So ur with ur honey and yur making out wen the phone rigns. U anser it n the vioce is “wut r u doing wit my daughter?” U tell ur girl n she say “my dad is ded”. THEN WHO WAS PHONE?

Posted in Artifacts & Objects and Beings & Entities and Dreams & Madness and Locations & Sites and Murders & Deaths and Rites & Rituals and Strange & Unknown 2 years, 5 months ago at 4:22 pm.

195 comments

195 Replies

  1. Anonymous May 20th 2008

    *facepalm*

  2. Anonymous May 22nd 2008

    And I was like, “OH…MY GAWD!”

  3. Anonymous May 22nd 2008

    WHO WAS PHONE … WHO WAS PHONE!? fucking .. Fucking, FUCKING!!!! TYPO YOU MOTHERFUCKER!!!!

  4. Anonymous May 28th 2008

    The solution is quite simple…ask him to join in.

  5. Anonymous Jun 3rd 2008

    Anon 3 lol grammar nazi.

    WHO WAS PHONE!!!1?!!1?!

  6. Buckethead Jun 10th 2008

    Why is this in every category? You want everyone to make fun of your idiotic stories?

    This really happened to me once, except her dad wasn’t dead, but I was pretty sure I was

  7. Anonymous Jun 11th 2008

    Why the HELL is this posted in EVERY CATEGORY!?

  8. meowmixkid Jun 12th 2008

    I’m sorry, but that grammer nearly killed me.

  9. You guys aren’t very bright, huh?

    As stated before, I don’t write these. If you really believe I’m the source of every creepypasta ever, I guess I’m flattered, but COME ON.

    Also, it’s in every category because I felt like putting it there. Quit whining like it somehow affects your life.

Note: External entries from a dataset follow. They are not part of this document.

(* Let $r\geq1$, let $\mathbf a=(a_1,\ldots,a_r)$ be positive integers, let $D$ be a positive common multiple of $a_1,\ldots,a_r$, and let $j\geq 1$ be an integer dividing $a_i$ for some $1\leq i\leq r$; put $\rho_j=e^{2\pi i/j}$. Then for all $n\ge 0$, $$ W_{j}(n,\mathbf a) = \frac{\rho_j^{-n}}{D(r-1)!} \sum_{m=1}^r \sum_{\ell=1}^{j} \rho_j^{\ell} \sum_{k=m-1}^{r-1} s(r,k)\, (-1)^{k-m+1} \binom{k}{m-1} \sum_{\substack{0\leq j_1\leq \frac{D}{a_1}-1,\ldots, 0\leq j_r\leq \frac{D}{a_r}-1 \\ a_1j_1+\cdots+a_rj_r \equiv \ell \pmod j}} D^{-k} (a_1j_1+\cdots+a_rj_r)^{k-m+1}\, n^{m-1}.$$
   Context: $p_{\mathbf a}(n)$ is the number of integer solutions $(x_1,\ldots,x_r)$ of $a_1x_1+\cdots+a_rx_r=n$ with all $x_i\geq 0$. There are unique polynomials $P_\lambda$, indexed by the $D$-th roots of unity $\lambda$, with $p_{\mathbf a}(n)=\sum_{\lambda^D=1}P_\lambda(n)\lambda^{-n}$ for all $n\geq 0$; the Sylvester wave is $W_j(n,\mathbf a)=P_{\rho_j}(n)\rho_j^{-n}$. Here $s(r,k)$ denotes the coefficient of $x^k$ in $(x+1)(x+2)\cdots(x+r-1)$ (i.e. the unsigned Stirling number of the first kind $\left[{r\atop k+1}\right]$), the inner sum is over integer tuples, and $0^0=1$. *)

theory Defs
  imports Complex_Main "HOL-Computational_Algebra.Polynomial"
begin

text \<open>The weight vector a = (a_1,...,a_r) is a list (0-indexed), r = length a.\<close>

definition restricted_partition :: "nat list \<Rightarrow> nat \<Rightarrow> nat" where
  "restricted_partition a n =
     card {x :: nat list. length x = length a \<and> (\<Sum>i<length a. a ! i * x ! i) = n}"

text \<open>By convention P_z = 0 for z not a D-th root of unity (makes the family unique).\<close>

definition sylvester_polys :: "nat list \<Rightarrow> nat \<Rightarrow> complex \<Rightarrow> complex poly" where
  "sylvester_polys a D = (THE P. (\<forall>z. z ^ D \<noteq> 1 \<longrightarrow> P z = 0) \<and>
      (\<forall>n. of_nat (restricted_partition a n) =
           (\<Sum>z\<in>{z::complex. z ^ D = 1}. poly (P z) (of_nat n) * inverse z ^ n)))"

definition rho :: "nat \<Rightarrow> complex" where
  "rho j = exp (2 * of_real pi * \<i> / of_nat j)"

definition sylvester_wave :: "nat list \<Rightarrow> nat \<Rightarrow> nat \<Rightarrow> nat \<Rightarrow> complex" where
  "sylvester_wave a D j n = poly (sylvester_polys a D (rho j)) (of_nat n) * inverse (rho j) ^ n"

definition stirl :: "nat \<Rightarrow> nat \<Rightarrow> int" where
  "stirl r k = coeff (\<Prod>i\<in>{1..<r}. [:int i, 1:]) k"

definition wave_tuples :: "nat list \<Rightarrow> nat \<Rightarrow> nat \<Rightarrow> nat \<Rightarrow> nat list set" where
  "wave_tuples a D j l = {js. length js = length a \<and> (\<forall>i<length a. js ! i < D div a ! i) \<and>
      (\<Sum>i<length a. a ! i * js ! i) mod j = l mod j}"

end

theory Submission
  imports Defs
begin

text \<open>
  Write a solution x of a_1 x_1 + ... + a_r x_r = n as x_i = t_i + (D/a_i) q_i with
  0 \<le> t_i < D/a_i. Then the weighted sum of x is s(t) + D (q_1 + ... + q_r), where
  s(t) = a_1 t_1 + ... + a_r t_r < r D, so p_a(n) is a sum, over these residue tuples t, of the
  number of compositions of (n - s(t)) / D into r parts. When D divides n - s(t) this binomial
  coefficient is the value at y = (n - s(t)) / D of (y + 1) (y + 2) ... (y + r - 1) / (r - 1)!;
  if moreover n < s(t), then y is one of -1, ..., -(r - 1) and both sides vanish. The
  divisibility condition is detected by the average of \<zeta>^(s(t) - n) over the D-th roots of
  unity \<zeta>, which exhibits p_a(n) as the sum of P_\<zeta>(n) \<zeta>^(-n) with explicit polynomials P_\<zeta>.
  These are the Sylvester polynomials because such a representation is unique. Expanding the
  rising factorial in the numbers s(r,k) and grouping the tuples t by s(t) mod j gives the formula.
\<close>

section \<open>Sums over roots of unity\<close>

lemma power_eq_power_mod:
  fixes z :: "'a::monoid_mult"
  assumes "z ^ j = 1"
  shows "z ^ k = z ^ (k mod j)"
proof -
  have "z ^ k = z ^ (j * (k div j) + k mod j)" by simp
  also have "\<dots> = (z ^ j) ^ (k div j) * z ^ (k mod j)" by (simp only: power_add power_mult)
  finally show ?thesis using assms by simp
qed

lemma power_sum_roots_of_unity:
  assumes "D > 0"
  shows "(\<Sum>z | z ^ D = 1. z ^ k :: complex) = (if D dvd k then of_nat D else 0)"
proof -
  define \<omega> where "\<omega> = cis (2 * pi / real D)"
  have \<omega>_pow: "\<omega> ^ k = cis (2 * pi * real k / real D)" for k
    by (simp add: \<omega>_def DeMoivre mult_ac)
  have "(\<Sum>z | z ^ D = 1. z ^ k :: complex) = (\<Sum>t<D. cis (2 * pi * real t / real D) ^ k)"
    using assms by (intro sum.reindex_bij_betw [symmetric] bij_betw_roots_unity) auto
  also have "\<dots> = (\<Sum>t<D. (\<omega> ^ k) ^ t)"
    by (intro sum.cong refl) (simp add: \<omega>_pow DeMoivre mult_ac)
  finally have sum_eq: "(\<Sum>z | z ^ D = 1. z ^ k :: complex) = (\<Sum>t<D. (\<omega> ^ k) ^ t)" .
  have root_iff: "\<omega> ^ k = 1 \<longleftrightarrow> D dvd k"
  proof
    assume "\<omega> ^ k = 1"
    then obtain m :: int where "2 * pi * real k / real D = 2 * pi * of_int m"
      by (auto simp: \<omega>_pow complex_eq_iff cos_one_2pi_int)
    hence "real_of_int (int k) = real_of_int (int D * m)" using assms by (simp add: field_simps)
    hence "int k = int D * m" by (simp only: of_int_eq_iff)
    thus "D dvd k" by (metis dvd_triv_left int_dvd_int_iff)
  next
    assume "D dvd k"
    then obtain m where "k = D * m" by blast
    hence "2 * pi * real k / real D = 2 * pi * real m" using assms by simp
    hence "\<omega> ^ k = cis (2 * pi * real m)" by (simp only: \<omega>_pow)
    also have "\<dots> = 1" by (rule cis_multiple_2pi) simp
    finally show "\<omega> ^ k = 1" .
  qed
  have "(\<omega> ^ k) ^ D = 1"
  proof -
    have "(\<omega> ^ k) ^ D = cis (2 * pi * real k)" using assms by (simp add: \<omega>_pow DeMoivre)
    also have "\<dots> = 1" by (rule cis_multiple_2pi) simp
    finally show ?thesis .
  qed
  show ?thesis
  proof (cases "D dvd k")
    case True
    hence "\<omega> ^ k = 1" using root_iff by simp
    thus ?thesis unfolding sum_eq using True by simp
  next
    case False
    hence "\<omega> ^ k \<noteq> 1" using root_iff by simp
    thus ?thesis using False sum_eq \<open>(\<omega> ^ k) ^ D = 1\<close> by (simp add: geometric_sum)
  qed
qed

lemma sum_roots_of_unity_power_inverse_power:
  assumes "D > 0"
  shows "(\<Sum>z | z ^ D = 1. z ^ s * inverse z ^ n :: complex) = (if s mod D = n mod D then of_nat D else 0)"
proof -
  have "z ^ s * inverse z ^ n = z ^ (s + (D - 1) * n)" if "z ^ D = 1" for z :: complex
  proof -
    have "z * z ^ (D - 1) = 1" using that assms by (cases D) simp_all
    hence "inverse z = z ^ (D - 1)" by (rule inverse_unique)
    thus ?thesis by (simp add: power_add power_mult)
  qed
  hence "(\<Sum>z | z ^ D = 1. z ^ s * inverse z ^ n :: complex) = (\<Sum>z | z ^ D = 1. z ^ (s + (D - 1) * n))"
    by (intro sum.cong) auto
  also have "\<dots> = (if D dvd s + (D - 1) * n then of_nat D else 0)"
    using assms by (rule power_sum_roots_of_unity)
  also have "D dvd s + (D - 1) * n \<longleftrightarrow> s mod D = n mod D"
  proof -
    have "n \<le> s + D * n" using assms by (cases D) auto
    hence "(s + D * n) mod D = n mod D \<longleftrightarrow> D dvd (s + D * n) - n" by (rule mod_eq_dvd_iff_nat)
    moreover have "(s + D * n) - n = s + (D - 1) * n" using assms by (cases D) auto
    ultimately show ?thesis by auto
  qed
  finally show ?thesis .
qed

lemma sum_power_root_of_unity_by_residue:
  fixes z :: "'a::comm_semiring_1"
  assumes "j \<ge> 1" and "z ^ j = 1" and "finite T"
  shows "(\<Sum>x\<in>T. z ^ h x * f x) = (\<Sum>l=1..j. z ^ l * (\<Sum>x | x \<in> T \<and> h x mod j = l mod j. f x))"
proof -
  define G where "G r = (\<Sum>x | x \<in> T \<and> h x mod j = r. z ^ h x * f x)" for r
  have "(\<Sum>l=1..j. z ^ l * (\<Sum>x | x \<in> T \<and> h x mod j = l mod j. f x)) = (\<Sum>l=1..j. G (l mod j))"
  proof (intro sum.cong refl)
    fix l
    have "z ^ h x = z ^ l" if "h x mod j = l mod j" for x
      using power_eq_power_mod[OF assms(2), of "h x"] power_eq_power_mod[OF assms(2), of l] that by simp
    thus "z ^ l * (\<Sum>x | x \<in> T \<and> h x mod j = l mod j. f x) = G (l mod j)"
      by (simp add: G_def sum_distrib_left)
  qed
  also have "\<dots> = (\<Sum>r<j. G r)"
    by (rule sum.reindex_bij_witness[where i = "\<lambda>r. if r = 0 then j else r" and j = "\<lambda>l. l mod j"])
      (use assms(1) in \<open>auto simp: le_less split: if_splits\<close>)
  also have "\<dots> = (\<Sum>x\<in>T. z ^ h x * f x)"
    unfolding G_def using assms by (intro sum.group) auto
  finally show ?thesis ..
qed

lemma rho_power_self: "j \<ge> 1 \<Longrightarrow> rho j ^ j = 1"
  by (simp add: rho_def exp_of_nat_mult[symmetric])

section \<open>Uniqueness of the quasi-polynomial representation\<close>

lemma poly_eq_0_if_vanishes_on_progression:
  fixes p :: "'a::{idom,ring_char_0} poly"
  assumes "D > 0" and "\<And>m. poly p (of_nat (D * m + t)) = 0"
  shows "p = 0"
proof (rule ccontr)
  assume "p \<noteq> 0"
  hence "finite {x. poly p x = 0}" by (rule poly_roots_finite)
  moreover have "range (\<lambda>m. of_nat (D * m + t)) \<subseteq> {x. poly p x = 0}" using assms(2) by auto
  ultimately have "finite (range (\<lambda>m. of_nat (D * m + t) :: 'a))" by (rule rev_finite_subset)
  moreover have "inj (\<lambda>m. of_nat (D * m + t) :: 'a)" using assms(1) by (auto simp: inj_def)
  ultimately show False by (simp add: finite_image_iff)
qed

lemma quasipolynomial_coefficient_eq_0:
  fixes Q :: "complex \<Rightarrow> complex poly"
  assumes "D > 0"
    and vanish: "\<And>n. (\<Sum>z | z ^ D = 1. poly (Q z) (of_nat n) * inverse z ^ n) = 0"
    and "w ^ D = 1"
  shows "Q w = 0"
proof -
  define U where "U = {z::complex. z ^ D = 1}"
  have "finite U" unfolding U_def using assms by (intro finite_roots_unity) auto
  have U_nonzero: "z \<noteq> 0" if "z \<in> U" for z using that assms unfolding U_def by (auto simp: power_0_left)
  (* Along each residue class n = D m + t the hypothesis says that the polynomial S t vanishes;
     a discrete Fourier inversion over t then isolates Q w. *)
  define S where "S t = (\<Sum>z\<in>U. smult (inverse z ^ t) (Q z))" for t
  have S_eq_0: "S t = 0" for t
  proof (rule poly_eq_0_if_vanishes_on_progression[OF \<open>D > 0\<close>])
    fix m
    have "inverse z ^ (D * m + t) = inverse z ^ t" if "z \<in> U" for z
      using that by (simp add: U_def power_add power_mult power_inverse)
    hence "poly (S t) (of_nat (D * m + t)) =
        (\<Sum>z\<in>U. poly (Q z) (of_nat (D * m + t)) * inverse z ^ (D * m + t))"
      by (simp add: S_def poly_sum mult.commute)
    also have "\<dots> = 0" unfolding U_def by (rule vanish)
    finally show "poly (S t) (of_nat (D * m + t)) = 0" .
  qed
  have geometric: "(\<Sum>t<D. (w * inverse z) ^ t) = (if z = w then of_nat D else 0)" if "z \<in> U" for z
  proof (cases "z = w")
    case False
    hence "w * inverse z \<noteq> 1" using U_nonzero[OF that] by (simp add: field_simps)
    moreover have "(w * inverse z) ^ D = 1"
      using that \<open>w ^ D = 1\<close> by (simp add: U_def power_mult_distrib power_inverse)
    ultimately show ?thesis using False by (simp add: geometric_sum)
  qed (use U_nonzero that in simp)
  have "of_nat D * poly (Q w) x = 0" for x
  proof -
    have "0 = (\<Sum>t<D. w ^ t * poly (S t) x)" by (simp add: S_eq_0)
    also have "\<dots> = (\<Sum>t<D. \<Sum>z\<in>U. (w * inverse z) ^ t * poly (Q z) x)"
      by (simp add: S_def poly_sum sum_distrib_left power_mult_distrib mult_ac)
    also have "\<dots> = (\<Sum>z\<in>U. (\<Sum>t<D. (w * inverse z) ^ t) * poly (Q z) x)"
      by (subst sum.swap) (simp add: sum_distrib_right)
    also have "\<dots> = (\<Sum>z\<in>U. (if z = w then of_nat D * poly (Q z) x else 0))"
      by (intro sum.cong refl) (simp add: geometric)
    also have "\<dots> = of_nat D * poly (Q w) x"
      using \<open>finite U\<close> \<open>w ^ D = 1\<close> by (simp add: U_def)
    finally show ?thesis by simp
  qed
  hence "\<forall>x. poly (Q w) x = 0" using assms by simp
  thus ?thesis by (rule poly_all_0_iff_0[THEN iffD1])
qed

  10. WHO WAS PHONE? WHO WAS PHONE!

  11. Painfully_Beautiful1 Jun 13th 2008

    This is rather annoying.

  12. Mr Man Jun 14th 2008

    *facepalm*

  13. was you phone Jun 15th 2008

    i find this topic to be quite amusing myself the pure suspense of “who was phone” has kept me up many a night trying to figure out this breath taking mystery i aplude your work Mr. Phone

  14. meowmixkid Jun 16th 2008

    oh, sorry! but your username is WHO WAS PHONE so I kinda thought you wrote that V_V

  15. IT WAS THE MOM. lol

  16. It’s a meme.

    Also, her mom was phone?

  17. Anonymous Jun 19th 2008

    Unfortunately, the second version is the version that’s spreading. My guess is someone posted it upon request and just paraphrased from memory, mangling it, and that one was supposed to be the original. The first one actually does establish it’s her dad and makes fun of how people screw up creepypastas by writing hastily.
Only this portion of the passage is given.